Request for clarification from mfinney@lynchburg.net on 2000-02-10 (xml-editor@w3.org from January to March 2000)

From: <mfinney@lynchburg.net>
Date: 10 Feb 2000 20:34:37 GMT
To: xml-editor@w3.org
Message-Id: <200002101541768.SM00166@mfinney>

I would like to request a clarification on the grammar for CDATA secion. 
Production [20] states...

   [20]  CData ::=  (Char* - (Char* ']]>' Char*))

which would imply that characters which do not meed the Char [2] production
are not allowed in CDATA sections.  Further, section 2.11 states...

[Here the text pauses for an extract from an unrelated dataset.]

(* Let $T\ge 1$, let $V_1,W_1,\dots,V_T,W_T$ be finite-dimensional quantum systems, $\tilde V := W_T\otimes V_T\otimes\cdots\otimes W_1\otimes V_1$, let $M\ge 1$, let $\mathcal{E}_1,\dots,\mathcal{E}_M\in\mathsf{Comb}_{W_T,V_T,\dots,W_1,V_1}$ and let $(p_1,\dots,p_M)$ be a probability vector. Let $\mathcal{P}$ be a nonempty subset of $\mathcal{P}_{\mathrm G}$. Let $\mathcal{C}$ be any closed convex cone and $\mathcal{S}$ any closed convex set such that $\mathcal{C}\subseteq \mathcal{C}_{\mathrm G}$, $\mathcal{S}\subseteq\mathcal{S}_{\mathrm G}$ and $$\overline{\mathrm{co}}\,\mathcal{P}=\Big\{\Phi\in\mathcal{C}:\ \textstyle\sum_{m=1}^M\Phi_m\in\mathcal{S}\Big\}.$$ Then $$\sup_{\Phi\in\mathcal{P}} P(\Phi)\;=\;\inf_{\chi\in\mathcal{D}_{\mathcal{C}}} D_{\mathcal{S}}(\chi),$$ i.e. the optimal values of Problem (P) and Problem (D) coincide.
   Context: Notation: for a finite-dimensional system $X$, $\mathsf{Her}_X$, $\mathsf{Pos}_X$, $\mathsf{Den}_X$ are the Hermitian, positive semidefinite and density matrices on $X$, $I_X$ the identity, $\mathrm{Tr}_X$ the partial trace. On $\mathsf{Her}_{\tilde V}$ use $\langle A,B\rangle:=\mathrm{Tr}(AB)$. $\mathsf{Comb}_{W_T,V_T,\dots,W_1,V_1}$ is the set of $\tau\in\mathsf{Pos}_{\tilde V}$ for which there exist $\tau^{(t)}\in\mathsf{Pos}_{W_t\otimes V_t\otimes\cdots\otimes W_1\otimes V_1}$ ($1\le t\le T-1$) with $\mathrm{Tr}_{W_t}\tau^{(t)}=I_{V_t}\otimes\tau^{(t-1)}$ for all $1\le t\le T$, where $\tau^{(0)}:=1$, $\tau^{(T)}:=\tau$. $\mathsf{Comb}^*_{W_T,V_T,\dots,W_1,V_1}$ is the set of $\tau\in\mathsf{Pos}_{\tilde V}$ for which there exist $\tau^{(1)}\in\mathsf{Den}_{V_1}$ and $\tau^{(t)}\in\mathsf{Pos}_{V_t\otimes W_{t-1}\otimes V_{t-1}\otimes\cdots\otimes W_1\otimes V_1}$ ($2\le t\le T$) with $\tau=I_{W_T}\otimes\tau^{(T)}$ and $\mathrm{Tr}_{V_t}\tau^{(t)}=I_{W_{t-1}}\otimes\tau^{(t-1)}$ for $2\le t\le T$. Set $\mathcal{C}_{\mathrm G}:=\mathsf{Pos}_{\tilde V}^M$, $\mathcal{S}_{\mathrm G}:=\mathsf{Comb}^*_{W_T,V_T,\dots,W_1,V_1}$, and $\mathcal{P}_{\mathrm G}:=\{\Phi=(\Phi_1,\dots,\Phi_M)\in\mathcal{C}_{\mathrm G}:\sum_m\Phi_m\in\mathcal{S}_{\mathrm G}\}$ (the set of all testers). Elements $\Phi$ are viewed as vectors of the real space $\mathsf{Her}_{\tilde V}^M$; $\overline{\mathrm{co}}$ denotes the closure of the convex hull there. $P(\Phi):=\sum_{m=1}^M p_m\langle\Phi_m,\mathcal{E}_m\rangle$; Problem (P) is $\sup_{\Phi\in\mathcal{P}}P(\Phi)$. $\mathcal{D}_{\mathcal{C}}:=\{\chi\in\mathsf{Her}_{\tilde V}:\sum_{m=1}^M\langle\Phi_m,\chi-p_m\mathcal{E}_m\rangle\ge 0\ \ \forall\Phi\in\mathcal{C}\}$, $D_{\mathcal{S}}(\chi):=\max_{\varphi\in\mathcal{S}}\langle\varphi,\chi\rangle$, and Problem (D) is $\inf_{\chi\in\mathcal{D}_{\mathcal{C}}}D_{\mathcal{S}}(\chi)$. *)

theory Defs
  imports "HOL-Analysis.Analysis" "HOL-Library.Function_Algebras"
begin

   To simplify the tasks of applications, wherever an external parsed
   entity or the literal entity value of an internal parsed entity contains
   either the literal two-character sequence "#xD#xA" or a standalone
   literal #xD, an XML processor must pass to the application the single
   character #xA. (This behavior can conveniently be produced by normalizing
   all line breaks to #xA on input, before parsing.) 

This implies that the new-line processing takes place in the CDATA sections
because of the last sentence.

However, Tim Bray states in his annotation to XML...

   When you look at CDATA, you might get the impression that you could
   maybe jam your binary data in a CDATA section. You'd be right, but
   you'd have to guarantee that it never included a byte sequence that
   looks like ]]>.

which would be incorrect if either only Char data is allowed or if new-line
processing does takes place as described.

Is it the intention that either restriction apply to CDATA sections?  Or any
other restriction that would prevent binary data (other than ]]>) from
being represented in CDATA sections?  Thank you.
Michael Lee Finney
   michael.finney@acm.org
   michael.finney@computer.org

Received on Thursday, 10 February 2000 15:34:37 UTC